Kepala Biro Yerusalem untuk Al Jazeera Walid Omary mengatakan Budeiri merupakan koresponden yang biasa melakukan reportase dari Sheikh Jarrah. Budeiri juga telah terakreditasi oleh Kantor Pers Pemerintah Israel.
Saat kejadian penahanan paksa, Budeiri sedang melakukan reportase mengenai aksi protes duduk yang dilakukan warga Palestina di wilayah tersebut. Setelah itu, Omary mengatakan polisi perbatasan Israel meminta ID Budeiri. Budeiri lalu mengungkapkan bahwa ID miliknya ada di mobil dan menawarkan diri untuk menghubungi supirnya agar sang supir bisa mengantarkan ID tersebut.
Akan tetapi, Omary mengatakan pihak polisi perbatasan menolak hal tersebut. Mereka justru berteriak dan mendorong Budeiri. Budeiri meminta polisi perbatasan untuk tidak menyentuhnya. Namun para polisi lalu memborgol Budeiri dan mendorongnya masuk ke dalam kendaraan polisi perbatasan.
"Mereka menyerang jurnalis-jurnalis di Yerusalem barat karena mereka tidak ingin para jurnalis terus meliput apa yang terjadid i dalam Sheikh Jarrah," pungkas Omary, seperti dilansir AP News, Ahad (6/6).
Acting Director General Al Jazeera Mostefa Souag mengecam tindakan para polisi perbatasan tersebut. Souag menilai para polisi secara sistematik menarget para jurnalis.
"Itu merupakan pelanggaran total terhadap semua konvensi internasional," papar Souag.
Souag menilai Israel berupaya untuk membungkam para jurnalis dengan cara yang sistematik. Sebelum penahanan paksa terhadap Budeiri terjadi, Souag mengatakan Israel juga menghancurkan gedung yang menjadi kantor dari dua kantor berita yaitu Al Jazeera dan Assocated Press di Gaza.

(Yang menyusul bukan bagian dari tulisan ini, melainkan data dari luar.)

text \<open>Pull \<open>F\<close> back to \<open>G = f\<^sup>-\<^sup>1(F)\<close>. Being closed in the Sorgenfrey line, \<open>G\<close> contains the
  infimum of each of its nonempty subsets that is bounded below, and since \<open>f\<close> is open, \<open>G\<close> has no
  point isolated from the right. These two properties make every piece \<open>G \<inter> [b, b + 1)\<close>, \<open>b \<in> G\<close>,
  order isomorphic to \<open>[0, 1)\<close> (by a dyadic exhaustion), and an order isomorphism between such
  sets is a homeomorphism for the Sorgenfrey topology. Laying countably many pieces that cover
  \<open>G\<close> onto the intervals \<open>[k, k + 1)\<close> gives a continuous open map of the Sorgenfrey line onto the
  subspace \<open>G\<close>; composing it with the restriction of \<open>f\<close> to \<open>G \<rightarrow> F\<close> proves the theorem.\<close>

lemma topspace_sorgenfrey_line [simp]: "topspace sorgenfrey_line = UNIV"
proof -
  have "x \<in> \<Union>{{a..<b} | a b. a < b}" for x :: real
    by (rule UnionI[of "{x..<x+1}"]) force+
  then show ?thesis
    unfolding sorgenfrey_line_def by auto
qed
lemma (in prob_space) prob_dist_gt_le_approx:
  fixes S A B :: "'a \<Rightarrow> real"
  assumes [measurable]: "S \<in> borel_measurable M" "A \<in> borel_measurable M"
    and B: "integrable M B" and SAB: "\<And>\<omega>. \<omega> \<in> space M \<Longrightarrow> \<bar>S \<omega> - A \<omega>\<bar> \<le> B \<omega>" and "e > 0"
  shows "prob {\<omega> \<in> space M. dist (S \<omega>) 0 > e}
    \<le> prob {\<omega> \<in> space M. dist (A \<omega>) 0 > e / 2} + expectation B / (e / 2)"
proof -
  have [measurable]: "B \<in> borel_measurable M"
    using B by simp
  have "{\<omega> \<in> space M. dist (S \<omega>) 0 > e}
      \<subseteq> {\<omega> \<in> space M. dist (A \<omega>) 0 > e / 2} \<union> {\<omega> \<in> space M. B \<omega> \<ge> e / 2}"
  proof (intro subsetI)
    fix \<omega> assume \<omega>: "\<omega> \<in> {\<omega> \<in> space M. dist (S \<omega>) 0 > e}"
    then have "\<bar>S \<omega>\<bar> \<le> \<bar>A \<omega>\<bar> + B \<omega>"
      using SAB[of \<omega>] abs_triangle_ineq[of "A \<omega>" "S \<omega> - A \<omega>"] by simp
    with \<omega> show "\<omega> \<in> {\<omega> \<in> space M. dist (A \<omega>) 0 > e / 2} \<union> {\<omega> \<in> space M. B \<omega> \<ge> e / 2}"
      by (auto simp: dist_real_def)
  qed
  then have "prob {\<omega> \<in> space M. dist (S \<omega>) 0 > e}
      \<le> prob {\<omega> \<in> space M. dist (A \<omega>) 0 > e / 2} + prob {\<omega> \<in> space M. B \<omega> \<ge> e / 2}"
    by (intro order_trans[OF finite_measure_mono measure_Un_le]) measurable
  also have "prob {\<omega> \<in> space M. B \<omega> \<ge> e / 2} \<le> expectation B / (e / 2)"
    using SAB \<open>e > 0\<close> by (intro integral_Markov_inequality_measure[OF B, where A = "space M"])
      (auto intro!: AE_I2 intro: order_trans[OF abs_ge_zero])
  finally show ?thesis
    by simp
qed
lemma consecutive_increase_mono:
  fixes \<alpha> :: "nat \<Rightarrow> 'b::order"
  assumes "\<forall>k\<in>{1..<n}. \<alpha> k < \<alpha> (Suc k)" and "1 \<le> i" "i \<le> j" "j \<le> n"
  shows "\<alpha> i \<le> \<alpha> j"
  using assms(3,4)
proof (induction j rule: dec_induct)
  case base
  then show ?case by simp
next
  case (step m)
  then have "\<alpha> m < \<alpha> (Suc m)" using assms(1,2) by auto
  with step show ?case by auto
qed

section \<open>Step functions\<close>

definition step_fun :: "nat \<Rightarrow> (nat \<Rightarrow> real) \<Rightarrow> (nat \<Rightarrow> 'a set) \<Rightarrow> 'a \<Rightarrow> real" where
  "step_fun n \<alpha> A x = (\<Sum>i=1..n. \<alpha> i * indicator (A i) x)"

lemma step_fun_on_block:
  assumes disj: "\<forall>i\<in>{1..n}. \<forall>j\<in>{1..n}. i \<noteq> j \<longrightarrow> A i \<inter> A j = {}"
    and i: "i \<in> {1..n}" and x: "x \<in> A i"
  shows "step_fun n \<alpha> A x = \<alpha> i"
proof -
  have off: "x \<notin> A j" if "j \<in> {1..n} - {i}" for j
    using disj i x that by blast
  have "step_fun n \<alpha> A x = \<alpha> i * indicator (A i) x + (\<Sum>j\<in>{1..n}-{i}. \<alpha> j * indicator (A j) x)"
    unfolding step_fun_def using i by (subst sum.remove[of "{1..n}" i]) auto
  also have "(\<Sum>j\<in>{1..n}-{i}. \<alpha> j * indicator (A j) x) = 0"
    using off by (intro sum.neutral) simp
  finally show ?thesis using x by simp
qed

lemma step_fun_off_blocks:
  assumes "\<forall>i\<in>{1..n}. x \<notin> A i"
  shows "step_fun n \<alpha> A x = 0"
  unfolding step_fun_def using assms by (intro sum.neutral) auto

text \<open>Preimages of Borel sets are finite unions of blocks, possibly together with the
  complement of all blocks; hence a step function over measurable blocks is measurable.\<close>

lemma step_fun_measurable:
  assumes "sigma_algebra X \<A>" and Ain: "\<forall>i\<in>{1..n}. A i \<in> \<A>"
    and disj: "\<forall>i\<in>{1..n}. \<forall>j\<in>{1..n}. i \<noteq> j \<longrightarrow> A i \<inter> A j = {}"
  shows "q_measurable X \<A> (step_fun n \<alpha> A)"
  unfolding q_measurable_def
proof
  interpret sigma_algebra X \<A> by fact
  fix B :: "real set"
  have AX: "\<forall>i\<in>{1..n}. A i \<subseteq> X" using Ain sets_into_space by blast
  have preimage: "{x\<in>X. step_fun n \<alpha> A x \<in> B}
      = (if 0 \<in> B then X - (\<Union>j\<in>{1..n}. A j) else {}) \<union> (\<Union>j\<in>{j\<in>{1..n}. \<alpha> j \<in> B}. A j)"
    (is "?L = ?R")
  proof (intro set_eqI iffI)
    fix x assume x: "x \<in> ?L"
    show "x \<in> ?R"
    proof (cases "\<exists>i\<in>{1..n}. x \<in> A i")
      case True
      then obtain i where i: "i \<in> {1..n}" "x \<in> A i" by blast
      then have "\<alpha> i \<in> B" using x step_fun_on_block[OF disj i] by simp
      then show ?thesis using i by blast
    next
      case False
      then have "0 \<in> B" using x step_fun_off_blocks[of n x A \<alpha>] by simp
      then show ?thesis using x False by simp
    qed
  next
    fix x assume x: "x \<in> ?R"
    show "x \<in> ?L"
    proof (cases "\<exists>j\<in>{1..n}. \<alpha> j \<in> B \<and> x \<in> A j")
      case True
      then obtain j where j: "j \<in> {1..n}" "\<alpha> j \<in> B" "x \<in> A j" by blast
      then show ?thesis using AX step_fun_on_block[OF disj j(1,3)] by auto
    next
      case False
      then have "0 \<in> B" "x \<in> X" "\<forall>i\<in>{1..n}. x \<notin> A i" using x by (auto split: if_splits)
      then show ?thesis using step_fun_off_blocks[of n x A \<alpha>] by simp
    qed
  qed
  have "(\<Union>j\<in>{1..n}. A j) \<in> \<A>" "(\<Union>j\<in>{j\<in>{1..n}. \<alpha> j \<in> B}. A j) \<in> \<A>"
    using Ain by auto
  then show "?L \<in> \<A>" unfolding preimage by auto
qed
lemma profile_objective_split:
  fixes S \<Delta> :: "real^'p^'p" and \<alpha> :: "real^'d^'p" and T :: "real^'d^'d"
  assumes dp: "CARD('d) \<le> CARD('p)" and orth: "transpose \<alpha> ** \<alpha> = mat 1"
    and S: "spd S" and D: "spd \<Delta>"
  defines "X \<equiv> transpose \<alpha> ** S ** \<alpha>" and "A \<equiv> transpose \<alpha> ** \<Delta> ** \<alpha>"
    and "L \<equiv> matrix_inv (compression_update \<alpha> (transpose \<alpha> ** S ** \<alpha>) \<Delta>)"
  shows "profile_objective S T \<alpha> \<Delta> = (ln (det L) + trace (matrix_inv L ** S))
    + (ln (det A) + trace (matrix_inv A ** (X - T))) - ln (det X) - real CARD('d)"
proof -
  have X: "spd X" unfolding X_def by (rule spd_congruence[OF S orthonormal_columns_kernel_zero[OF orth]])
  have A: "spd A" unfolding A_def by (rule spd_congruence[OF D orthonormal_columns_kernel_zero[OF orth]])
  define N where "N = compression_update \<alpha> X \<Delta>"
  have L_def': "L = matrix_inv N" unfolding L_def N_def X_def ..
  have N: "spd N" unfolding N_def by (rule spd_compression_update[OF orth D X])
  have L_inv: "matrix_inv L = N"
    unfolding L_def' by (rule matrix_inv_matrix_inv[OF spd_invertible[OF N]])
  have "det L * det A = det \<Delta> * det X"
    unfolding L_def' N_def A_def X_def by (rule det_inverse_compression_update[OF dp orth D X[unfolded X_def]])
  then have "ln (det L * det A) = ln (det \<Delta> * det X)" by simp
  moreover have "det L > 0" unfolding L_def' by (rule spd_det_pos[OF spd_matrix_inv[OF N]])
  moreover have "det A > 0" "det X > 0" "det \<Delta> > 0" by (rule spd_det_pos, fact)+
  ultimately have ln_det: "ln (det \<Delta>) = ln (det L) + ln (det A) - ln (det X)"
    by (simp add: ln_mult)
  have "matrix_inv \<Delta> = N + \<alpha> ** matrix_inv A ** transpose \<alpha> - \<alpha> ** matrix_inv X ** transpose \<alpha>"
    by (simp add: N_def compression_update_def A_def)
  then have "trace (matrix_inv \<Delta> ** S) = trace (N ** S) + trace (matrix_inv A ** X) - real CARD('d)"
    by (simp add: matrix_add_rdistrib matrix_diff_rdistrib trace_add trace_sub trace_sandwich
        X_def[symmetric] trace_matrix_inv_mult[OF spd_invertible[OF X]])
  moreover have "trace (matrix_inv A ** T) = trace (matrix_inv A ** X) - trace (matrix_inv A ** (X - T))"
    by (simp add: matrix_diff_ldistrib trace_sub)
  ultimately show ?thesis
    unfolding profile_objective_def A_def[symmetric] ln_det L_inv by simp
qed

lemma profile_objective_lower_bound:
  fixes S \<Delta> :: "real^'p^'p" and \<alpha> :: "real^'d^'p" and T :: "real^'d^'d"
  assumes dp: "CARD('d) \<le> CARD('p)" and orth: "transpose \<alpha> ** \<alpha> = mat 1"
    and S: "spd S" and R: "spd (transpose \<alpha> ** S ** \<alpha> - T)" and D: "spd \<Delta>"
  shows "ln (det S) + ln (det (transpose \<alpha> ** S ** \<alpha> - T)) - ln (det (transpose \<alpha> ** S ** \<alpha>))
    + real CARD('p) \<le> profile_objective S T \<alpha> \<Delta>"
proof -
  have X: "spd (transpose \<alpha> ** S ** \<alpha>)"
    by (rule spd_congruence[OF S orthonormal_columns_kernel_zero[OF orth]])
  have A: "spd (transpose \<alpha> ** \<Delta> ** \<alpha>)"
    by (rule spd_congruence[OF D orthonormal_columns_kernel_zero[OF orth]])
  have L: "spd (matrix_inv (compression_update \<alpha> (transpose \<alpha> ** S ** \<alpha>) \<Delta>))"
    by (rule spd_matrix_inv[OF spd_compression_update[OF orth D X]])
  show ?thesis
    using ln_det_trace_bound[OF L S] ln_det_trace_bound[OF A R]
    unfolding profile_objective_split[OF dp orth S D] by simp
qed

lemma profile_objective_at_compression_update:
  fixes S :: "real^'p^'p" and \<alpha> :: "real^'d^'p" and T :: "real^'d^'d"
  assumes dp: "CARD('d) \<le> CARD('p)" and orth: "transpose \<alpha> ** \<alpha> = mat 1"
    and S: "spd S" and R: "spd (transpose \<alpha> ** S ** \<alpha> - T)"
  shows "profile_objective S T \<alpha> (matrix_inv (compression_update \<alpha> (transpose \<alpha> ** S ** \<alpha> - T) S))
    = ln (det S) + ln (det (transpose \<alpha> ** S ** \<alpha> - T)) - ln (det (transpose \<alpha> ** S ** \<alpha>))
      + real CARD('p)"
proof -
  define X where "X = transpose \<alpha> ** S ** \<alpha>"
  define \<Delta> where "\<Delta> = matrix_inv (compression_update \<alpha> (X - T) S)"
  have X: "spd X" unfolding X_def
    by (rule spd_congruence[OF S orthonormal_columns_kernel_zero[OF orth]])
  have D: "spd \<Delta>" unfolding \<Delta>_def
    by (rule spd_matrix_inv[OF spd_compression_update[OF orth S R[folded X_def]]])
  have "transpose \<alpha> ** \<Delta> ** \<alpha> = X - T"
    unfolding \<Delta>_def by (rule compression_of_inverse_compression_update[OF orth S R[folded X_def]])
  moreover have "matrix_inv (compression_update \<alpha> X \<Delta>) = S"
    using compression_update_inverse_compression_update[OF orth S R[folded X_def], of X]
      compression_update_self[of \<alpha> S] matrix_inv_matrix_inv[OF spd_invertible[OF S]]
    unfolding \<Delta>_def X_def by simp
  ultimately show ?thesis
    unfolding \<Delta>_def[symmetric] X_def[symmetric] profile_objective_split[OF dp orth S D, of T, folded X_def]
    using trace_matrix_inv_mult[OF spd_invertible[OF S]] trace_matrix_inv_mult[OF spd_invertible[OF R[folded X_def]]]
    by simp
qed

text \<open>The hypotheses on \<open>F\<close> only make \<open>S\<^sub>f\<^sub>i\<^sub>t\<close> meaningful in the paper.\<close>

theorem mainTheorem2:
  fixes S :: "real^'p^'p" and F :: "real^'r^'n" and M :: "real^'p^'n"
    and \<alpha> :: "real^'d^'p"
  assumes d_le_p: "CARD('d) \<le> CARD('p)"
    and d_le_r: "CARD('d) \<le> CARD('r)"
    and S_spd: "spd S"
    and F_rank: "rank F = CARD('r)"
    and Sres_spd: "spd (S - S_fit F M)"
    and alpha_orth: "transpose \<alpha> ** \<alpha> = mat 1"
  defines "nn \<equiv> real CARD('n)"
    and "Dinv \<equiv> matrix_inv S
                + \<alpha> ** matrix_inv (transpose \<alpha> ** (S - S_fit F M) ** \<alpha>) ** transpose \<alpha>
                - \<alpha> ** matrix_inv (transpose \<alpha> ** S ** \<alpha>) ** transpose \<alpha>"
  shows "invertible Dinv \<and> spd (matrix_inv Dinv)
         \<and> (\<forall>\<Delta>. spd \<Delta> \<longrightarrow> G_fun nn S (S_fit F M) \<alpha> \<Delta> \<le> G_fun nn S (S_fit F M) \<alpha> (matrix_inv Dinv))
         \<and> G_fun nn S (S_fit F M) \<alpha> (matrix_inv Dinv) =
             - (real CARD('p) * nn / 2) * (ln (2 * pi) + 1)
             - (nn / 2) * ln (det (transpose \<alpha> ** (S - S_fit F M) ** \<alpha>))
             - (nn / 2) * ln (det S)
             + (nn / 2) * ln (det (transpose \<alpha> ** S ** \<alpha>))"
proof -
  define T where "T = transpose \<alpha> ** S_fit F M ** \<alpha>"
  have R_eq: "transpose \<alpha> ** (S - S_fit F M) ** \<alpha> = transpose \<alpha> ** S ** \<alpha> - T"
    unfolding T_def by (simp add: matrix_diff_ldistrib matrix_diff_rdistrib)
  have R: "spd (transpose \<alpha> ** S ** \<alpha> - T)"
    unfolding R_eq[symmetric] by (rule spd_congruence[OF Sres_spd orthonormal_columns_kernel_zero[OF alpha_orth]])
  have Dinv_eq: "Dinv = compression_update \<alpha> (transpose \<alpha> ** S ** \<alpha> - T) S"
    unfolding Dinv_def R_eq compression_update_def by simp
  have Dinv: "spd Dinv"
    unfolding Dinv_eq by (rule spd_compression_update[OF alpha_orth S_spd R])
  have opt: "profile_objective S T \<alpha> (matrix_inv Dinv) = ln (det S)
      + ln (det (transpose \<alpha> ** S ** \<alpha> - T)) - ln (det (transpose \<alpha> ** S ** \<alpha>)) + real CARD('p)"
    unfolding Dinv_eq by (rule profile_objective_at_compression_update[OF d_le_p alpha_orth S_spd R])
  have "profile_objective S T \<alpha> (matrix_inv Dinv) \<le> profile_objective S T \<alpha> \<Delta>" if "spd \<Delta>" for \<Delta>
    unfolding opt by (rule profile_objective_lower_bound[OF d_le_p alpha_orth S_spd R that])
  then have "G_fun nn S (S_fit F M) \<alpha> \<Delta> \<le> G_fun nn S (S_fit F M) \<alpha> (matrix_inv Dinv)" if "spd \<Delta>" for \<Delta>
    using that unfolding G_fun_eq_profile_objective T_def[symmetric] nn_def
    by (simp add: mult_left_mono)
  then show ?thesis
    using spd_invertible[OF Dinv] spd_matrix_inv[OF Dinv]
    unfolding G_fun_eq_profile_objective T_def[symmetric] opt R_eq by (simp add: algebra_simps)
qed
end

Israel mengatakan mereka melakukannya karena mendapati adanya operasi intelijen militer Hamas di gedung tersebut. Akan tetapi, pihak Associated Press mengungkapkan bahwa tak ada indikasi mengenai keberadaan Hamas di gedung tersebut. Mereka juga meminta dilakukannya investigasi independen.